> [WHAT TO DO]:
As soon as the line containing "with word x_poly_nf_word_in_nf_span" appears in the material below, start returning lines exactly, and end with the line containing "nf_carrier[OF K(1)] K(2)".

> [DATA FOR ANALYSIS]:
#####

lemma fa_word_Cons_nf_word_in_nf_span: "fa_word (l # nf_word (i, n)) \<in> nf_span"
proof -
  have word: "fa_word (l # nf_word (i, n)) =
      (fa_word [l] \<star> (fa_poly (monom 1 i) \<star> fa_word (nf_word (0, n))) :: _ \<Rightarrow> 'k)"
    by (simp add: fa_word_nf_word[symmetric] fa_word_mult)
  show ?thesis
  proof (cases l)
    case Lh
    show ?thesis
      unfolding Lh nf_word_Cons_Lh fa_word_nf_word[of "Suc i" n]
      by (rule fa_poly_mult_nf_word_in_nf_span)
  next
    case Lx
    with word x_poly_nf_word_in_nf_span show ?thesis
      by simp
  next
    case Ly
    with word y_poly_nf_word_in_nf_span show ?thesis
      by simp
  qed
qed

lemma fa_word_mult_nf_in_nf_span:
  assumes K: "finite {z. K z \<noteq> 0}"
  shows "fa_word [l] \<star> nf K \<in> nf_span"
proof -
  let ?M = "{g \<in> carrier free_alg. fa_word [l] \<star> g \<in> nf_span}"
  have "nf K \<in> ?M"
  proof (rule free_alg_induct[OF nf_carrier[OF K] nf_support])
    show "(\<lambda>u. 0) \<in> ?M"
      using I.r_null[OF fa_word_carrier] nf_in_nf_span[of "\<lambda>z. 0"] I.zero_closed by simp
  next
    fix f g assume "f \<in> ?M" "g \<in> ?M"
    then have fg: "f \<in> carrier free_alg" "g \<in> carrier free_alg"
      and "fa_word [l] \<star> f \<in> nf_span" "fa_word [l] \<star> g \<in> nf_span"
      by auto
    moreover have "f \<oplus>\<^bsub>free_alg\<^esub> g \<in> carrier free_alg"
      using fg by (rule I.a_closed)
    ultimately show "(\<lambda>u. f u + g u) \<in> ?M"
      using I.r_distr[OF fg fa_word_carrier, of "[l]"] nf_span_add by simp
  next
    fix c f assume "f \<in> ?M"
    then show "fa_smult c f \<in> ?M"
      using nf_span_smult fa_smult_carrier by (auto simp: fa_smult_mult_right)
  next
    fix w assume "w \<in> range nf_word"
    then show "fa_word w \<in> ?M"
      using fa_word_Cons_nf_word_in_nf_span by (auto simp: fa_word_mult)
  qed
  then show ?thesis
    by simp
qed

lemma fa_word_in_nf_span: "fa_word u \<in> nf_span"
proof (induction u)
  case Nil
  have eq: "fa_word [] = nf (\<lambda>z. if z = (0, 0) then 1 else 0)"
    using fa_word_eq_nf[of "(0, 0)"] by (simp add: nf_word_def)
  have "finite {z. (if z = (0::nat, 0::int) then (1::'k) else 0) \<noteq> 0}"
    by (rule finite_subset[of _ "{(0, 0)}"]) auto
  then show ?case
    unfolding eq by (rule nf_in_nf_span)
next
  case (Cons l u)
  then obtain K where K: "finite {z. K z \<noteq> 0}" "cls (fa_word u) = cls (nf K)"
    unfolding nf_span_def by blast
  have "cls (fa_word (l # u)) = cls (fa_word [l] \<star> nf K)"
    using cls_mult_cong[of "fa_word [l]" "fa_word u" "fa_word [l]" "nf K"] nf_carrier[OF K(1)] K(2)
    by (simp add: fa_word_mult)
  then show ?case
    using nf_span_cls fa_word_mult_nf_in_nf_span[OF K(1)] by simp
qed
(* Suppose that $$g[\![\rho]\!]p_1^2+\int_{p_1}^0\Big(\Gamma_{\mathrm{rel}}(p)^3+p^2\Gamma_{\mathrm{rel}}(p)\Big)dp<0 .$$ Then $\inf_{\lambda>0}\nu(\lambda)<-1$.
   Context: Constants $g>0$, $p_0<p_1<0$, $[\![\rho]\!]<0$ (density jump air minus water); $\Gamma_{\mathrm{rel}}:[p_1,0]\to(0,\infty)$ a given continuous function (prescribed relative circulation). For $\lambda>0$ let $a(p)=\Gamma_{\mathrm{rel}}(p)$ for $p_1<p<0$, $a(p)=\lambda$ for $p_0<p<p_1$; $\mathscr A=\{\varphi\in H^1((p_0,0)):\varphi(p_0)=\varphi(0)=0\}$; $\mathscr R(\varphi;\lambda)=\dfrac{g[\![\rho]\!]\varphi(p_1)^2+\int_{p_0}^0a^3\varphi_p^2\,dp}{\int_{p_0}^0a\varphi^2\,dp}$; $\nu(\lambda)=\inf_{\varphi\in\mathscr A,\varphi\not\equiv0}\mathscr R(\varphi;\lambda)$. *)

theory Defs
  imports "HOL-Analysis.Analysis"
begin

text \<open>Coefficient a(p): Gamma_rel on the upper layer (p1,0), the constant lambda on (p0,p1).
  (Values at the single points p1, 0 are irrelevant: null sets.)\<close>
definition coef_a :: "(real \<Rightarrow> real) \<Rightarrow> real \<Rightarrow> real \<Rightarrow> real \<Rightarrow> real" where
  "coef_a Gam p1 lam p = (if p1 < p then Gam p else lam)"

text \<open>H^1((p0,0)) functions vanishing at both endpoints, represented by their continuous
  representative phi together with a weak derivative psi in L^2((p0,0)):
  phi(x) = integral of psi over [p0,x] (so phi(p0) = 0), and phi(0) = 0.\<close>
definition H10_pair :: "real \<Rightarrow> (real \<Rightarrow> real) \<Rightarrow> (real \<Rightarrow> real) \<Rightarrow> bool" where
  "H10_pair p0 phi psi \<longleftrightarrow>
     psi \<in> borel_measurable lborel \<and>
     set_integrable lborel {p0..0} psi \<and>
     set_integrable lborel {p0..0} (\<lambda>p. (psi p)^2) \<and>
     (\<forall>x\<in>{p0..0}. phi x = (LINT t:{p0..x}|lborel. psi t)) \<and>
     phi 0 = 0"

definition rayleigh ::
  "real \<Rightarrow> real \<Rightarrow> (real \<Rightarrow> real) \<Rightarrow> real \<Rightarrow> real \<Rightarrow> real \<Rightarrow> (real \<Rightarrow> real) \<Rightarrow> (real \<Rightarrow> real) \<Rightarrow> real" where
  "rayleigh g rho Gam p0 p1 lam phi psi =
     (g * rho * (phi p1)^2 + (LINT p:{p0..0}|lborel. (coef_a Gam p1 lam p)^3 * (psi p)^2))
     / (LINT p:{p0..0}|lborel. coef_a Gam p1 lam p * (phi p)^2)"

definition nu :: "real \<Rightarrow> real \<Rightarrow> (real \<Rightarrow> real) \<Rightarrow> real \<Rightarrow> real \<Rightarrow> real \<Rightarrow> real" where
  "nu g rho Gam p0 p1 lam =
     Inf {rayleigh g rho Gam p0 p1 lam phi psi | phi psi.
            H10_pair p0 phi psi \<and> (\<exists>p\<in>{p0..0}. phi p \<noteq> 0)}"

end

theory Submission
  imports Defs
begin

#####

> [SOLUTION TO THE EXERCISE]:
    with word x_poly_nf_word_in_nf_span show ?thesis
      by simp
  next
    case Ly
    with word y_poly_nf_word_in_nf_span show ?thesis
      by simp
  qed
qed

lemma fa_word_mult_nf_in_nf_span:
  assumes K: "finite {z. K z \<noteq> 0}"
  shows "fa_word [l] \<star> nf K \<in> nf_span"
proof -
  let ?M = "{g \<in> carrier free_alg. fa_word [l] \<star> g \<in> nf_span}"
  have "nf K \<in> ?M"
  proof (rule free_alg_induct[OF nf_carrier[OF K] nf_support])
    show "(\<lambda>u. 0) \<in> ?M"
      using I.r_null[OF fa_word_carrier] nf_in_nf_span[of "\<lambda>z. 0"] I.zero_closed by simp
  next
    fix f g assume "f \<in> ?M" "g \<in> ?M"
    then have fg: "f \<in> carrier free_alg" "g \<in> carrier free_alg"
      and "fa_word [l] \<star> f \<in> nf_span" "fa_word [l] \<star> g \<in> nf_span"
      by auto
    moreover have "f \<oplus>\<^bsub>free_alg\<^esub> g \<in> carrier free_alg"
      using fg by (rule I.a_closed)
    ultimately show "(\<lambda>u. f u + g u) \<in> ?M"
      using I.r_distr[OF fg fa_word_carrier, of "[l]"] nf_span_add by simp
  next
    fix c f assume "f \<in> ?M"
    then show "fa_smult c f \<in> ?M"
      using nf_span_smult fa_smult_carrier by (auto simp: fa_smult_mult_right)
  next
    fix w assume "w \<in> range nf_word"
    then show "fa_word w \<in> ?M"
      using fa_word_Cons_nf_word_in_nf_span by (auto simp: fa_word_mult)
  qed
  then show ?thesis
    by simp
qed

lemma fa_word_in_nf_span: "fa_word u \<in> nf_span"
proof (induction u)
  case Nil
  have eq: "fa_word [] = nf (\<lambda>z. if z = (0, 0) then 1 else 0)"
    using fa_word_eq_nf[of "(0, 0)"] by (simp add: nf_word_def)
  have "finite {z. (if z = (0::nat, 0::int) then (1::'k) else 0) \<noteq> 0}"
    by (rule finite_subset[of _ "{(0, 0)}"]) auto
  then show ?case
    unfolding eq by (rule nf_in_nf_span)
next
  case (Cons l u)
  then obtain K where K: "finite {z. K z \<noteq> 0}" "cls (fa_word u) = cls (nf K)"
    unfolding nf_span_def by blast
  have "cls (fa_word (l # u)) = cls (fa_word [l] \<star> nf K)"
    using cls_mult_cong[of "fa_word [l]" "fa_word u" "fa_word [l]" "nf K"] nf_carrier[OF K(1)] K(2)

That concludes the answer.